Role of driver alterations and genomic complexity in prostate cancer metastasis to LNs

As shown in Fig. 1, established early oncogenic driver alterations including ERG gene fusions as well as FOXA1, CDK12, and SPOP mutations were typically present in both the primary tumor and LN metastatic foci. The presence of multiple such alterations within three patients in our cohort (Fig. 2 and S7) suggests the possibility of tumor multiclonality – a well-established concept in prostate cancer5,6,9. Importantly, in these patients, NGS analyses only showed evidence of a single early oncogenic driver in the LN metastases, supporting the monoclonal theory of metastatic prostate cancer (see below). Additionally, our analyses revealed substantial intratumoral heterogeneity across the sampled primary tumor regions, including TP53 mutations and genomic complexity. Intriguingly, although TP53 mutations were identified in multiple primary tumor regions from two patients (#1 and #40, Fig. 2 and S10), this mutation was only observed in the LN metastatic foci from patient #1. Conversely, TP53 mutations were detected only in the LN metastatic foci from two other patients (#4 and #30, Fig. S5 and S6). Regardless, these data suggest that TP53 mutations may be associated with metastatic progression of primary prostate cancer.

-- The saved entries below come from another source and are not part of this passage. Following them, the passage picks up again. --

(* There exists $\epsilon>0$ such that, for all $\mu\in[-1,0.55]$, $d\theta(f_\mu)<-\epsilon$ on $K_\mu\setminus\Delta$.
   Context: The Sprott vector field $f_\mu$ on $\mathbb{R}^3$ is $\dot x=y^2-z-\mu x$, $\dot y=z^2-x-\mu y$, $\dot z=x^2-y-\mu z$. $\Delta:=\mathrm{span}\{(1,1,1)\}$; $\|\mathbf{x}_\perp\|^2=\tfrac23(x^2+y^2+z^2-xy-yz-zx)$; $d\theta:=\frac{1}{\sqrt3}\frac{(z-y)dx+(x-z)dy+(y-x)dz}{\|\mathbf{x}_\perp\|^2}$ on $\mathbb{R}^3\setminus\Delta$. $V(\mathbf{x}):=x+y+z$, $r_\mu:=\|\mathbf{x}-\frac{1+\mu}{2}(1,1,1)\|$, $c:=\frac{3^{3/4}+3^{1/4}}{2}$. For $\mu>-1$, $K_\mu:=\{\mathbf{x}\colon V(\mathbf{x})\ge r_\mu-c(1+\mu)\arctan(\frac{2r_\mu}{3^{1/4}(1+\mu)})-\frac{\sqrt3}{2}(1+\mu)+c(1+\mu)\arctan(3^{1/4})\}\cap V^{-1}[0,3(1+\mu)]$, and $K_{-1}:=\{\mathbf{0}\}$. *)

theory Defs
  imports "HOL-Analysis.Analysis"
begin

text \<open>Points of R^3 are vectors p :: real^3 with coordinates x = p$1, y = p$2, z = p$3.\<close>

definition sprott :: "real \<Rightarrow> real^3 \<Rightarrow> real^3" where
  "sprott \<mu> p = vector [(p$2)^2 - p$3 - \<mu> * p$1,
                          (p$3)^2 - p$1 - \<mu> * p$2,
                          (p$1)^2 - p$2 - \<mu> * p$3]"

definition diag :: "(real^3) set" where
  "diag = span {vector [1, 1, 1]}"

definition perp_norm_sq :: "real^3 \<Rightarrow> real" where
  "perp_norm_sq p = 2/3 * ((p$1)^2 + (p$2)^2 + (p$3)^2 - p$1*p$2 - p$2*p$3 - p$3*p$1)"

definition dtheta :: "real^3 \<Rightarrow> real^3 \<Rightarrow> real" where
  "dtheta p v = 1 / sqrt 3 *
     (((p$3 - p$2) * v$1 + (p$1 - p$3) * v$2 + (p$2 - p$1) * v$3) / perp_norm_sq p)"

definition Vfun :: "real^3 \<Rightarrow> real" where
  "Vfun p = p$1 + p$2 + p$3"

definition r_mu :: "real \<Rightarrow> real^3 \<Rightarrow> real" where
  "r_mu \<mu> p = norm (p - ((1 + \<mu>) / 2) *\<^sub>R vector [1, 1, 1])"

definition c_const :: real where
  "c_const = (3 powr (3/4) + 3 powr (1/4)) / 2"

definition K :: "real \<Rightarrow> (real^3) set" where
  "K \<mu> = (if \<mu> = -1 then {0} else
     {p. Vfun p \<ge> r_mu \<mu> p
            - c_const * (1 + \<mu>) * arctan (2 * r_mu \<mu> p / (3 powr (1/4) * (1 + \<mu>)))
            - sqrt 3 / 2 * (1 + \<mu>)
            + c_const * (1 + \<mu>) * arctan (3 powr (1/4))}
     \<inter> {p. 0 \<le> Vfun p \<and> Vfun p \<le> 3 * (1 + \<mu>)})"

end

theory Submission
  imports Defs
begin

text \<open>The term \<open>-\<mu>p\<close> of the Sprott field is radial and is annihilated by \<open>d\<theta>\<close>, and the linear
  part contributes the constant \<open>-\<surd>3/2\<close>. Hence
  \<open>\<surd>3 d\<theta>(f\<^sub>\<mu>) = C/P - 3/2 - V\<close>, where \<open>P = \<parallel>x\<^sub>\<perp>\<parallel>\<^sup>2\<close> and the cubic term \<open>C\<close> depends only on
  \<open>x\<^sub>\<perp>\<close> and satisfies \<open>2C\<^sup>2 \<le> P\<^sup>3\<close>, so \<open>C/P \<le> \<surd>(P/2) \<le> r\<^sub>\<mu>/\<surd>2\<close>. On \<open>K\<^sub>\<mu>\<close> the estimate
  \<open>arctan t - arctan a \<le> (t - a)/(1 + ta)\<close> turns the defining inequality into a quadratic
  constraint on \<open>r\<^sub>\<mu>\<close> giving \<open>r\<^sub>\<mu> < \<surd>2 (1.45 + V)\<close> for \<open>\<mu> \<le> 0.55\<close>, whence
  \<open>\<surd>3 d\<theta>(f\<^sub>\<mu>) \<le> -0.05\<close>.\<close>

lemma arctan_diff_le:
  fixes a t :: real
  assumes "0 \<le> a" "a \<le> t"
  shows "arctan t - arctan a \<le> (t - a) / (1 + t * a)"
proof -
  let ?f = "\<lambda>x. arctan x - arctan a - (x - a) / (1 + x * a)"
  have "?f t \<le> ?f a"
  proof (rule DERIV_nonpos_imp_nonincreasing[OF assms(2)])
    fix x assume x: "a \<le> x" "x \<le> t"
    have pos: "1 + x * a > 0" using x assms by (simp add: add_pos_nonneg)
    have "DERIV ?f x :> inverse (1 + x\<^sup>2) - (1 + a\<^sup>2) / (1 + x * a)\<^sup>2"
      using pos by (auto intro!: derivative_eq_intros simp: power2_eq_square algebra_simps)
    moreover have "(1 + x * a)\<^sup>2 \<le> (1 + a\<^sup>2) * (1 + x\<^sup>2)"
      using sum_squares_ge_zero[of 0 "x - a"] by (simp add: algebra_simps power2_eq_square)
    then have "inverse (1 + x\<^sup>2) \<le> (1 + a\<^sup>2) / (1 + x * a)\<^sup>2"
      using pos by (simp add: field_simps inverse_eq_divide add_pos_nonneg)
    ultimately show "\<exists>y. DERIV ?f x :> y \<and> y \<le> 0" by force
  qed
  then show ?thesis by simp
qed

lemma perp_norm_sq_eq:
  "perp_norm_sq p = ((p$1 - p$2)\<^sup>2 + (p$2 - p$3)\<^sup>2 + (p$3 - p$1)\<^sup>2) / 3"
  unfolding perp_norm_sq_def by (simp add: power2_eq_square algebra_simps)

lemma perp_norm_sq_pos:
  assumes "p \<notin> diag"
  shows "perp_norm_sq p > 0"
proof (rule ccontr)
  assume "\<not> perp_norm_sq p > 0"
  then have "(p$1 - p$2)\<^sup>2 + (p$2 - p$3)\<^sup>2 + (p$3 - p$1)\<^sup>2 \<le> 0"
    unfolding perp_norm_sq_eq by simp
  then have "p$2 = p$1" "p$3 = p$1"
    using zero_le_power2[of "p$1 - p$2"] zero_le_power2[of "p$2 - p$3"]
      zero_le_power2[of "p$3 - p$1"] by (smt (verit) power_eq_0_iff zero_less_power2)+
  then have "p = p$1 *\<^sub>R vector [1, 1, 1]"
    by (simp add: vec_eq_iff forall_3)
  then have "p \<in> diag"
    unfolding diag_def by (metis span_base span_mul singletonI)
  with assms show False by contradiction
qed

text \<open>Pythagoras: \<open>r\<^sub>\<mu>\<^sup>2\<close> splits into the perpendicular part and the diagonal part \<open>3(V/3 - (1+\<mu>)/2)\<^sup>2\<close>.\<close>
lemma perp_norm_sq_le_r_mu: "perp_norm_sq p \<le> (r_mu \<mu> p)\<^sup>2"
proof -
  let ?m = "(1 + \<mu>) / 2"
  have "(r_mu \<mu> p)\<^sup>2 = (p$1 - ?m)\<^sup>2 + (p$2 - ?m)\<^sup>2 + (p$3 - ?m)\<^sup>2"
    unfolding r_mu_def norm_vec_def L2_set_def by (simp add: sum_3)
  also have "\<dots> = perp_norm_sq p + 3 * (Vfun p / 3 - ?m)\<^sup>2"
    unfolding perp_norm_sq_def Vfun_def by (simp add: power2_eq_square field_simps)
  finally show ?thesis by simp
qed

definition cubic_part :: "real^3 \<Rightarrow> real" where
  "cubic_part p = (p$3 - p$2) * (p$2)\<^sup>2 + (p$1 - p$3) * (p$3)\<^sup>2 + (p$2 - p$1) * (p$1)\<^sup>2
                  + Vfun p * perp_norm_sq p"

lemma dtheta_sprott:
  assumes "perp_norm_sq p \<noteq> 0"
  shows "dtheta p (sprott \<mu> p) = (cubic_part p / perp_norm_sq p - 3/2 - Vfun p) / sqrt 3"
proof -
  have numerator: "(p$3 - p$2) * sprott \<mu> p $ 1 + (p$1 - p$3) * sprott \<mu> p $ 2 + (p$2 - p$1) * sprott \<mu> p $ 3
      = cubic_part p - 3/2 * perp_norm_sq p - Vfun p * perp_norm_sq p"
    unfolding sprott_def cubic_part_def perp_norm_sq_def Vfun_def by simp algebra
  show ?thesis
    unfolding dtheta_def numerator using assms by (simp add: field_simps)
qed

text \<open>In the coordinates \<open>a, b, c\<close> of \<open>x\<^sub>\<perp>\<close> (so \<open>a + b + c = 0\<close>) the defect \<open>P\<^sup>3 - 2C\<^sup>2\<close> is a
  perfect square.\<close>
lemma cubic_part_sq_le: "2 * (cubic_part p)\<^sup>2 \<le> (perp_norm_sq p) ^ 3"
proof -
  define a where "a = p$1 - Vfun p / 3"
  define b where "b = p$2 - Vfun p / 3"
  define c where "c = p$3 - Vfun p / 3"
  have "(perp_norm_sq p) ^ 3 - 2 * (cubic_part p)\<^sup>2
      = 3/2 * (3 * a * b * c - (a - b) * (b - c) * (c - a))\<^sup>2"
    unfolding a_def b_def c_def cubic_part_def perp_norm_sq_def Vfun_def by algebra
  moreover have "0 \<le> 3/2 * (3 * a * b * c - (a - b) * (b - c) * (c - a))\<^sup>2" by simp
  ultimately show ?thesis by linarith
qed

lemma cubic_part_div_le:
  assumes "perp_norm_sq p > 0"
  shows "cubic_part p / perp_norm_sq p \<le> sqrt (perp_norm_sq p / 2)"
proof (rule real_le_rsqrt)
  show "(cubic_part p / perp_norm_sq p)\<^sup>2 \<le> perp_norm_sq p / 2"
    using cubic_part_sq_le[of p] assms
    by (simp add: field_simps power2_eq_square power3_eq_cube)
qed

lemma sqrt3_le: "sqrt (3::real) \<le> 17321/10000"
  by (rule real_le_lsqrt) (auto simp: power2_eq_square)

lemma quarter_root_3_sq: "(3 powr (1/4) :: real)\<^sup>2 = sqrt 3"
  by (simp add: powr_power powr_half_sqrt[symmetric])

lemma c_const_eq: "c_const = 3 powr (1/4) * (sqrt 3 + 1) / 2"
proof -
  have "(3::real) powr (3/4) = 3 powr (1/4) * 3 powr (1/2)"
    by (simp add: powr_add[symmetric])
  then show ?thesis
    unfolding c_const_def by (simp add: powr_half_sqrt algebra_simps)
qed

lemma K_quadratic_constraint:
  assumes "-1 < \<mu>" and "p \<in> K \<mu>" and "sqrt 3 * (1 + \<mu>) \<le> 2 * r_mu \<mu> p"
  shows "(2 * r_mu \<mu> p - sqrt 3 * (1 + \<mu>))\<^sup>2 \<le> 2 * Vfun p * (1 + \<mu> + 2 * r_mu \<mu> p)"
proof -
  define l where "l = 1 + \<mu>"
  define r where "r = r_mu \<mu> p"
  define k where "k = sqrt (3::real)"
  define a where "a = (3::real) powr (1/4)"
  define t where "t = 2 * r / (a * l)"
  have l: "0 < l" using assms(1) unfolding l_def by simp
  have a: "0 < a" "a\<^sup>2 = k" unfolding a_def k_def using quarter_root_3_sq by simp_all
  have r: "0 \<le> r" unfolding r_def r_mu_def by simp
  have kk: "k\<^sup>2 = 3" unfolding k_def by simp
  have lr: "0 < l + 2 * r" using l r by simp
  have K: "r - c_const * l * (arctan t - arctan a) - k / 2 * l \<le> Vfun p"
    using assms(1,2) unfolding K_def l_def r_def k_def a_def t_def by (auto simp: algebra_simps)
  have "k * l \<le> 2 * r" using assms(3) unfolding k_def l_def r_def by simp
  then have "a \<le> t"
    using a l unfolding t_def by (simp add: pos_le_divide_eq power2_eq_square mult.assoc[symmetric])
  then have arctan_le: "arctan t - arctan a \<le> (t - a) / (1 + t * a)"
    using a by (intro arctan_diff_le) auto
  have den: "1 + t * a = (l + 2 * r) / l" and num: "t - a = (2 * r - k * l) / (a * l)"
    unfolding t_def a(2)[symmetric] using a(1) l by (simp_all add: field_simps power2_eq_square)
  have quotient: "(t - a) / (1 + t * a) = (2 * r - k * l) / (a * (l + 2 * r))"
    unfolding den num using l by simp
  have "0 \<le> c_const * l"
    unfolding c_const_eq using a l by simp
  with arctan_le have "c_const * l * (arctan t - arctan a) \<le> c_const * l * ((t - a) / (1 + t * a))"
    by (rule mult_left_mono)
  also have "\<dots> = (k + 1) / 2 * l * (2 * r - k * l) / (l + 2 * r)"
    unfolding quotient c_const_eq a_def[symmetric] k_def[symmetric] using a(1) by simp
  finally have "r - k / 2 * l - (k + 1) / 2 * l * (2 * r - k * l) / (l + 2 * r) \<le> Vfun p"
    using K by linarith
  also have "r - k / 2 * l - (k + 1) / 2 * l * (2 * r - k * l) / (l + 2 * r)
      = (2 * r - k * l)\<^sup>2 / (2 * (l + 2 * r))"
    using l lr kk by (simp add: field_simps power2_eq_square)
  finally show ?thesis
    using lr unfolding l_def[symmetric] r_def[symmetric] k_def[symmetric]
    by (simp add: field_simps)
qed

lemma quadratic_constraint_bound:
  fixes k l V s :: real
  assumes k: "0 \<le> k" "k \<le> 17321/10000" and l: "0 < l" "l \<le> 155/100" and V: "0 \<le> V"
    and constraint: "(s - k * l)\<^sup>2 \<le> 2 * V * (l + s)"
  shows "s \<le> 2828/1000 * (145/100 + V)"
proof (rule ccontr)
  define u where "u = 41006/10000 + 2828/1000 * V"
  let ?Q = "\<lambda>s. (s - k * l)\<^sup>2 - 2 * V * (l + s)"
  assume "\<not> s \<le> 2828/1000 * (145/100 + V)"
  then have su: "u < s" unfolding u_def by simp
  have kl: "0 \<le> k * l" "k * l \<le> 26848/10000"
    using k l mult_mono[OF k(2) l(2)] by simp_all
  have "0 < ?Q u"
  proof -
    have "14158/10000 + 2828/1000 * V \<le> u - k * l" unfolding u_def using kl by linarith
    then have "(14158/10000 + 2828/1000 * V)\<^sup>2 \<le> (u - k * l)\<^sup>2"
      using V by (intro power_mono) simp_all
    moreover have "2 * V * (l + u) \<le> 2 * V * (155/100 + u)" using V l by (simp add: mult_left_mono)
    moreover have "(14158/10000 + 2828/1000 * V)\<^sup>2 - 2 * V * (155/100 + u)
        = 23/10 * (V - 2058397/2875000)\<^sup>2 + 2599/62500 * V\<^sup>2 + 2966636434141/3593750000000"
      unfolding u_def by algebra
    moreover have "0 \<le> 23/10 * (V - 2058397/2875000)\<^sup>2 + 2599/62500 * V\<^sup>2" by simp
    ultimately show ?thesis by linarith
  qed
  also have "?Q u \<le> ?Q s"
  proof -
    have "?Q s - ?Q u = (s - u) * (s + u - 2 * (k * l) - 2 * V)"
      by (simp add: power2_eq_square algebra_simps)
    moreover have "0 \<le> (s - u) * (s + u - 2 * (k * l) - 2 * V)"
      using su kl V unfolding u_def by (intro mult_nonneg_nonneg) linarith+
    ultimately show ?thesis by linarith
  qed
  finally show False using constraint by simp
qed

lemma K_Vfun_nonneg: "p \<in> K \<mu> \<Longrightarrow> 0 \<le> Vfun p"
  by (auto simp: K_def Vfun_def split: if_splits)

lemma K_r_mu_le:
  assumes "-1 < \<mu>" "\<mu> \<le> 55/100" and "p \<in> K \<mu>"
  shows "r_mu \<mu> p \<le> 1414/1000 * (145/100 + Vfun p)"
proof (cases "2 * r_mu \<mu> p \<le> sqrt 3 * (1 + \<mu>)")
  case True
  have "sqrt 3 * (1 + \<mu>) \<le> 17321/10000 * (155/100)"
    using assms(1,2) sqrt3_le by (intro mult_mono) auto
  with True K_Vfun_nonneg[OF assms(3)] show ?thesis by simp
next
  case False
  have "2 * r_mu \<mu> p \<le> 2828/1000 * (145/100 + Vfun p)"
    using K_quadratic_constraint[OF assms(1,3)] False assms(1,2) sqrt3_le K_Vfun_nonneg[OF assms(3)]
    by (intro quadratic_constraint_bound[where k = "sqrt 3" and l = "1 + \<mu>"]) (auto simp: algebra_simps)
  then show ?thesis by simp
qed

lemma dtheta_sprott_le_on_K:
  assumes "-1 < \<mu>" "\<mu> \<le> 55/100" and "p \<in> K \<mu>" "p \<notin> diag"
  shows "dtheta p (sprott \<mu> p) \<le> - (5/100) / sqrt 3"
proof -
  let ?P = "perp_norm_sq p" and ?r = "r_mu \<mu> p"
  have P: "0 < ?P" using perp_norm_sq_pos[OF assms(4)] .
  have "sqrt (?P / 2) \<le> sqrt (?r\<^sup>2 / 2)"
    using perp_norm_sq_le_r_mu[of p \<mu>] by simp
  also have "\<dots> = ?r / sqrt 2"
    unfolding r_mu_def by (simp add: real_sqrt_divide)
  also have "\<dots> \<le> 145/100 + Vfun p"
  proof -
    have "1414/1000 \<le> sqrt (2::real)" by (rule real_le_rsqrt) (simp add: power2_eq_square)
    then have "1414/1000 * (145/100 + Vfun p) \<le> sqrt 2 * (145/100 + Vfun p)"
      using K_Vfun_nonneg[OF assms(3)] by (intro mult_right_mono) simp_all
    with K_r_mu_le[OF assms(1-3)] show ?thesis by (simp add: pos_divide_le_eq mult.commute)
  qed
  finally have "cubic_part p / ?P \<le> 145/100 + Vfun p"
    using cubic_part_div_le[OF P] by linarith
  then have "cubic_part p / ?P - 3/2 - Vfun p \<le> - (5/100)" by linarith
  then show ?thesis
    unfolding dtheta_sprott[OF P[THEN less_imp_neq, symmetric]] by (intro divide_right_mono) simp_all
qed

theorem theorem6:
  shows "\<exists>\<epsilon>>0. \<forall>\<mu>\<in>{-1..55/100::real}. \<forall>p\<in>K \<mu> - diag.
           dtheta p (sprott \<mu> p) < - \<epsilon>"
proof (intro exI[of _ "1/50"] conjI ballI)
  fix \<mu> :: real and p :: "real^3"
  assume \<mu>: "\<mu> \<in> {-1..55/100}" and p: "p \<in> K \<mu> - diag"
  have "\<mu> \<noteq> -1"
    using p by (auto simp: K_def diag_def span_zero)
  with \<mu> have "-1 < \<mu>" "\<mu> \<le> 55/100" by auto
  with p have "dtheta p (sprott \<mu> p) \<le> - (5/100) / sqrt 3"
    by (intro dtheta_sprott_le_on_K) auto
  also have "\<dots> < - (1/50)"
    using sqrt3_le by (simp add: field_simps)
  finally show "dtheta p (sprott \<mu> p) < - (1/50)" .
qed simp

end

Increased genomic complexity was also frequently observed in LN metastatic foci. For example, in a patient with organ-confined (pT2) prostate cancer and LN metastasis (patient #33, Fig. 2b and S3b), the samples demonstrated genomic complexity with FOXA1 and ATM frameshift mutations detected in some primary tumor and LN metastasis regions (P2, P3, P5, P6, LN1); an SPOP mutation was detected only in a GG1 primary tumor focus (P1); and RB1 loss and MYC gain were shared between the presumed dominant primary tumor regions and the LN metastasis focus (P2, P3, P6, LN1). In patient, #41 (Fig. 2c), regions P1, P2 and LN1 all were TMPRSS2:ERG gene fusion-positive and harbored PTEN loss. P1 most closely resembled LN1 based on phylogenetic analysis, suggesting this as the region that likely gave rise to the LN1 metastatic focus. In the PhyloWGS approach, however, (Fig. S3c), P2 was identified as closely resembling the region of the LN metastasis (LN1). Notably, in this approach, P1 was filtered out by the algorithm despite having the TLX1 mutation because a clonal loss of 8q was not found in this sample. However, it is noteworthy that regions P1 and P2 appear to be spatially related anatomically (Fig. 2c, left panel). In patient #2 (Fig. S4), LN1 and P4 shared a CDKN2B loss, along with a CDK12 frameshift mutation and MYC and FGFR3 loss as discussed above. In patient #30 (Fig. S6), we observed shared loss of CDKN2A, ERCC2, and ERCC3 in lesions P1, P3, P4, P7 and LN2. LN2 had an additional mutation in TP53. Of all the tumor regions, P3 most resembled LN2 in mutational profile and genomic complexity, with phylogenetic analysis suggesting this as the likely clonal origin of LN2 metastasis. In patient #34 (Fig. S7), PTEN and BRCA1 losses were observed among P1, P4, P7, P8, P9, and LN1, LN2, and LN3. In patient #38 (Fig. S8), P6 and LN1 both displayed CDKN2B loss and RECQL4 gain as discussed above. Finally, patient #4 (Fig. S5) showed significant genomic complexity and additional targeted NGS with a 500-gene panel revealed an MUTYH mutation with tumor mutational burden and microsatellite instability in regions P1 and P2, suggesting these regions developed continued genomic aberrations after LN1 and LN2 metastasis (as suggested by earlier clonal branching of the LN metastasis on phylogenetic tree).

Taken together, these data support the possible role of driver genomic alterations in the development of synchronous LN metastasis in primary prostate cancer.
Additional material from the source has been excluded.